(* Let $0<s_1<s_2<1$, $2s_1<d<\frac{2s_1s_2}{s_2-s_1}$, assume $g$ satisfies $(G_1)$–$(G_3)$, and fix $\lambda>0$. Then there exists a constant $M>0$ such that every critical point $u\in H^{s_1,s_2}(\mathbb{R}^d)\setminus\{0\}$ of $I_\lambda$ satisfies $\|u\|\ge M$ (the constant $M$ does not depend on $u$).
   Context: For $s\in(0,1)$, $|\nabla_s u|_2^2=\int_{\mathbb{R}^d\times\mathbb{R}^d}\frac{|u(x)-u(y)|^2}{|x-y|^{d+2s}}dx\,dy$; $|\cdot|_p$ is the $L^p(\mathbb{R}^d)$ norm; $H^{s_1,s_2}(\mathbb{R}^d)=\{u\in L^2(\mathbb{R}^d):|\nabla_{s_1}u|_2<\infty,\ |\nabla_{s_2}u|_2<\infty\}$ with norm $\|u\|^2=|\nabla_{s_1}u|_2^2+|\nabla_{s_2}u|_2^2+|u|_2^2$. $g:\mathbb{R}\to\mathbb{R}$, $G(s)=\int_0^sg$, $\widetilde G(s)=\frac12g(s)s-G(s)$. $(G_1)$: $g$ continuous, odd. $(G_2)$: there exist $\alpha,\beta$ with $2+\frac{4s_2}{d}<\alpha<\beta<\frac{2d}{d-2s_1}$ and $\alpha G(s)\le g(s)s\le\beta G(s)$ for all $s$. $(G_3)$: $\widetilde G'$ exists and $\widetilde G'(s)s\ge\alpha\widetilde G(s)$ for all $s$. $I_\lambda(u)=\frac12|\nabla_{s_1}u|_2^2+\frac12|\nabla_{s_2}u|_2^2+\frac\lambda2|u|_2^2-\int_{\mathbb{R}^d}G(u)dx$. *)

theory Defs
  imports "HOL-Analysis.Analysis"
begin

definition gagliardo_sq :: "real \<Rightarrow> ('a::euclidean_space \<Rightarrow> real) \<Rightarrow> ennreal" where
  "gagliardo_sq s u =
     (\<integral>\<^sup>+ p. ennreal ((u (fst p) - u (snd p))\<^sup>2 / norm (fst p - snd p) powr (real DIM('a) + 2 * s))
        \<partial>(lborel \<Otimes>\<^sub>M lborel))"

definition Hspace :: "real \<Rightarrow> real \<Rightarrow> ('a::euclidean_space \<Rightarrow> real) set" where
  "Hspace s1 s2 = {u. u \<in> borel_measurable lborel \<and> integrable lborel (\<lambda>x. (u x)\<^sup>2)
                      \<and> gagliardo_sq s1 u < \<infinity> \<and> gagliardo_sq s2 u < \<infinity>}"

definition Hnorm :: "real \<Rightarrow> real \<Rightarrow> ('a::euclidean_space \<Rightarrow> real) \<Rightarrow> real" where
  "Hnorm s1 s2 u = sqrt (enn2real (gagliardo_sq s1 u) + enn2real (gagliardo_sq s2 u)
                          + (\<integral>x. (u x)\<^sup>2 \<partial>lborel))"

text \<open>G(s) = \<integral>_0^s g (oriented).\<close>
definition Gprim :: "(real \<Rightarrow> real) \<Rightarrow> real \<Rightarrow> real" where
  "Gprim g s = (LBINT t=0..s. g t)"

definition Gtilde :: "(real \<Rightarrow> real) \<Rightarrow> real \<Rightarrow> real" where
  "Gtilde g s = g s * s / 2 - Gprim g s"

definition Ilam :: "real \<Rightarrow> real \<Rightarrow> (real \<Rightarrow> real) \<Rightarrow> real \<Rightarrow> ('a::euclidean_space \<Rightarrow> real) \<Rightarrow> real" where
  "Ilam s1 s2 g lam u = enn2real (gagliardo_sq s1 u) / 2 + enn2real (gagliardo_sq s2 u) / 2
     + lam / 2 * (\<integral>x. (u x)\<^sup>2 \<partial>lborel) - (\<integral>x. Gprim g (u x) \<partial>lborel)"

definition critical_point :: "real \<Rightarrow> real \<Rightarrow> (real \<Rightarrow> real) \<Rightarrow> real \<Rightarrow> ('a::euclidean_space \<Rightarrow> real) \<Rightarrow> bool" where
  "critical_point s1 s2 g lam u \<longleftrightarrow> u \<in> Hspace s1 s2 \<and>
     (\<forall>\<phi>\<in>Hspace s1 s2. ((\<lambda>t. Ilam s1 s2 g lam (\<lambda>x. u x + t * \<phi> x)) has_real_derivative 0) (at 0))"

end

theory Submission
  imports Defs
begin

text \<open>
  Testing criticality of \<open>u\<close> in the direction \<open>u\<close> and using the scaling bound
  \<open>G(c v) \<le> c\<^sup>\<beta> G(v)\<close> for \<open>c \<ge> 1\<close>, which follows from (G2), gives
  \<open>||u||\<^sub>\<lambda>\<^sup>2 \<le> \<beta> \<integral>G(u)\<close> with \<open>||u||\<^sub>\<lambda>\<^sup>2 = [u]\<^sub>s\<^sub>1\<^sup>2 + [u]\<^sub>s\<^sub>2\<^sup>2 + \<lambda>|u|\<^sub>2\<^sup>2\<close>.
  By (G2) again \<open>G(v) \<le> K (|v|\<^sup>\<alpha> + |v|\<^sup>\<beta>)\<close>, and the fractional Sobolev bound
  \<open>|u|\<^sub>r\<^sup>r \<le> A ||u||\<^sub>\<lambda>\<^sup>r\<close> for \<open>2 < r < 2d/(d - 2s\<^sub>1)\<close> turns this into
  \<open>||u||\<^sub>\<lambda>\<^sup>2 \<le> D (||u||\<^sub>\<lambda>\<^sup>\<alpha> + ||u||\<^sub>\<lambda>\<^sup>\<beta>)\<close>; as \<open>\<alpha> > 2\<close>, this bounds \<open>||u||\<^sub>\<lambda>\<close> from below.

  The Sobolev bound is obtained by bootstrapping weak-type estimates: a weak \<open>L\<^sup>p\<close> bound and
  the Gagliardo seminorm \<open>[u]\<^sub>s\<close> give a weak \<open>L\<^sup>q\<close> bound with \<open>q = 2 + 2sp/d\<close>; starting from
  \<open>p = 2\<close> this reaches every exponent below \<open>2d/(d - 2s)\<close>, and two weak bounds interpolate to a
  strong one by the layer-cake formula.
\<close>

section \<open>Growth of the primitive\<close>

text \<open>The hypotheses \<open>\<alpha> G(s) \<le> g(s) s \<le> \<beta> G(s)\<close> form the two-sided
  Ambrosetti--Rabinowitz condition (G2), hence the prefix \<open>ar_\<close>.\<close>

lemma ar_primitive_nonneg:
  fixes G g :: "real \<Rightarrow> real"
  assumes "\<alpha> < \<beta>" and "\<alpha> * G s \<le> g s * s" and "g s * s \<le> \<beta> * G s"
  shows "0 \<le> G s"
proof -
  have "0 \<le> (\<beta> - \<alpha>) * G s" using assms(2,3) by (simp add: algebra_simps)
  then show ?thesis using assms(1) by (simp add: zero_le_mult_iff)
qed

◆ ◆ ◆ ◆ ◆

# What you are asked to do
Reprint the entire listing exactly.

# Reply
(* Let $0<s_1<s_2<1$, $2s_1<d<\frac{2s_1s_2}{s_2-s_1}$, assume $g$ satisfies $(G_1)$–$(G_3)$, and fix $\lambda>0$. Then there exists a constant $M>0$ such that every critical point $u\in H^{s_1,s_2}(\mathbb{R}^d)\setminus\{0\}$ of $I_\lambda$ satisfies $\|u\|\ge M$ (the constant $M$ does not depend on $u$).
   Context: For $s\in(0,1)$, $|\nabla_s u|_2^2=\int_{\mathbb{R}^d\times\mathbb{R}^d}\frac{|u(x)-u(y)|^2}{|x-y|^{d+2s}}dx\,dy$; $|\cdot|_p$ is the $L^p(\mathbb{R}^d)$ norm; $H^{s_1,s_2}(\mathbb{R}^d)=\{u\in L^2(\mathbb{R}^d):|\nabla_{s_1}u|_2<\infty,\ |\nabla_{s_2}u|_2<\infty\}$ with norm $\|u\|^2=|\nabla_{s_1}u|_2^2+|\nabla_{s_2}u|_2^2+|u|_2^2$. $g:\mathbb{R}\to\mathbb{R}$, $G(s)=\int_0^sg$, $\widetilde G(s)=\frac12g(s)s-G(s)$. $(G_1)$: $g$ continuous, odd. $(G_2)$: there exist $\alpha,\beta$ with $2+\frac{4s_2}{d}<\alpha<\beta<\frac{2d}{d-2s_1}$ and $\alpha G(s)\le g(s)s\le\beta G(s)$ for all $s$. $(G_3)$: $\widetilde G'$ exists and $\widetilde G'(s)s\ge\alpha\widetilde G(s)$ for all $s$. $I_\lambda(u)=\frac12|\nabla_{s_1}u|_2^2+\frac12|\nabla_{s_2}u|_2^2+\frac\lambda2|u|_2^2-\int_{\mathbb{R}^d}G(u)dx$. *)

theory Defs
  imports "HOL-Analysis.Analysis"
begin

definition gagliardo_sq :: "real \<Rightarrow> ('a::euclidean_space \<Rightarrow> real) \<Rightarrow> ennreal" where
  "gagliardo_sq s u =
     (\<integral>\<^sup>+ p. ennreal ((u (fst p) - u (snd p))\<^sup>2 / norm (fst p - snd p) powr (real DIM('a) + 2 * s))
        \<partial>(lborel \<Otimes>\<^sub>M lborel))"

definition Hspace :: "real \<Rightarrow> real \<Rightarrow> ('a::euclidean_space \<Rightarrow> real) set" where
  "Hspace s1 s2 = {u. u \<in> borel_measurable lborel \<and> integrable lborel (\<lambda>x. (u x)\<^sup>2)
                      \<and> gagliardo_sq s1 u < \<infinity> \<and> gagliardo_sq s2 u < \<infinity>}"

definition Hnorm :: "real \<Rightarrow> real \<Rightarrow> ('a::euclidean_space \<Rightarrow> real) \<Rightarrow> real" where
  "Hnorm s1 s2 u = sqrt (enn2real (gagliardo_sq s1 u) + enn2real (gagliardo_sq s2 u)
                          + (\<integral>x. (u x)\<^sup>2 \<partial>lborel))"

text \<open>G(s) = \<integral>_0^s g (oriented).\<close>
definition Gprim :: "(real \<Rightarrow> real) \<Rightarrow> real \<Rightarrow> real" where
  "Gprim g s = (LBINT t=0..s. g t)"

definition Gtilde :: "(real \<Rightarrow> real) \<Rightarrow> real \<Rightarrow> real" where
  "Gtilde g s = g s * s / 2 - Gprim g s"

definition Ilam :: "real \<Rightarrow> real \<Rightarrow> (real \<Rightarrow> real) \<Rightarrow> real \<Rightarrow> ('a::euclidean_space \<Rightarrow> real) \<Rightarrow> real" where
  "Ilam s1 s2 g lam u = enn2real (gagliardo_sq s1 u) / 2 + enn2real (gagliardo_sq s2 u) / 2
     + lam / 2 * (\<integral>x. (u x)\<^sup>2 \<partial>lborel) - (\<integral>x. Gprim g (u x) \<partial>lborel)"

definition critical_point :: "real \<Rightarrow> real \<Rightarrow> (real \<Rightarrow> real) \<Rightarrow> real \<Rightarrow> ('a::euclidean_space \<Rightarrow> real) \<Rightarrow> bool" where
  "critical_point s1 s2 g lam u \<longleftrightarrow> u \<in> Hspace s1 s2 \<and>
     (\<forall>\<phi>\<in>Hspace s1 s2. ((\<lambda>t. Ilam s1 s2 g lam (\<lambda>x. u x + t * \<phi> x)) has_real_derivative 0) (at 0))"

end

theory Submission
  imports Defs
begin

text \<open>
  Testing criticality of \<open>u\<close> in the direction \<open>u\<close> and using the scaling bound
  \<open>G(c v) \<le> c\<^sup>\<beta> G(v)\<close> for \<open>c \<ge> 1\<close>, which follows from (G2), gives
  \<open>||u||\<^sub>\<lambda>\<^sup>2 \<le> \<beta> \<integral>G(u)\<close> with \<open>||u||\<^sub>\<lambda>\<^sup>2 = [u]\<^sub>s\<^sub>1\<^sup>2 + [u]\<^sub>s\<^sub>2\<^sup>2 + \<lambda>|u|\<^sub>2\<^sup>2\<close>.
  By (G2) again \<open>G(v) \<le> K (|v|\<^sup>\<alpha> + |v|\<^sup>\<beta>)\<close>, and the fractional Sobolev bound
  \<open>|u|\<^sub>r\<^sup>r \<le> A ||u||\<^sub>\<lambda>\<^sup>r\<close> for \<open>2 < r < 2d/(d - 2s\<^sub>1)\<close> turns this into
  \<open>||u||\<^sub>\<lambda>\<^sup>2 \<le> D (||u||\<^sub>\<lambda>\<^sup>\<alpha> + ||u||\<^sub>\<lambda>\<^sup>\<beta>)\<close>; as \<open>\<alpha> > 2\<close>, this bounds \<open>||u||\<^sub>\<lambda>\<close> from below.

  The Sobolev bound is obtained by bootstrapping weak-type estimates: a weak \<open>L\<^sup>p\<close> bound and
  the Gagliardo seminorm \<open>[u]\<^sub>s\<close> give a weak \<open>L\<^sup>q\<close> bound with \<open>q = 2 + 2sp/d\<close>; starting from
  \<open>p = 2\<close> this reaches every exponent below \<open>2d/(d - 2s)\<close>, and two weak bounds interpolate to a
  strong one by the layer-cake formula.
\<close>

section \<open>Growth of the primitive\<close>

text \<open>The hypotheses \<open>\<alpha> G(s) \<le> g(s) s \<le> \<beta> G(s)\<close> form the two-sided
  Ambrosetti--Rabinowitz condition (G2), hence the prefix \<open>ar_\<close>.\<close>

lemma ar_primitive_nonneg:
  fixes G g :: "real \<Rightarrow> real"
  assumes "\<alpha> < \<beta>" and "\<alpha> * G s \<le> g s * s" and "g s * s \<le> \<beta> * G s"
  shows "0 \<le> G s"
proof -
  have "0 \<le> (\<beta> - \<alpha>) * G s" using assms(2,3) by (simp add: algebra_simps)
  then show ?thesis using assms(1) by (simp add: zero_le_mult_iff)
qed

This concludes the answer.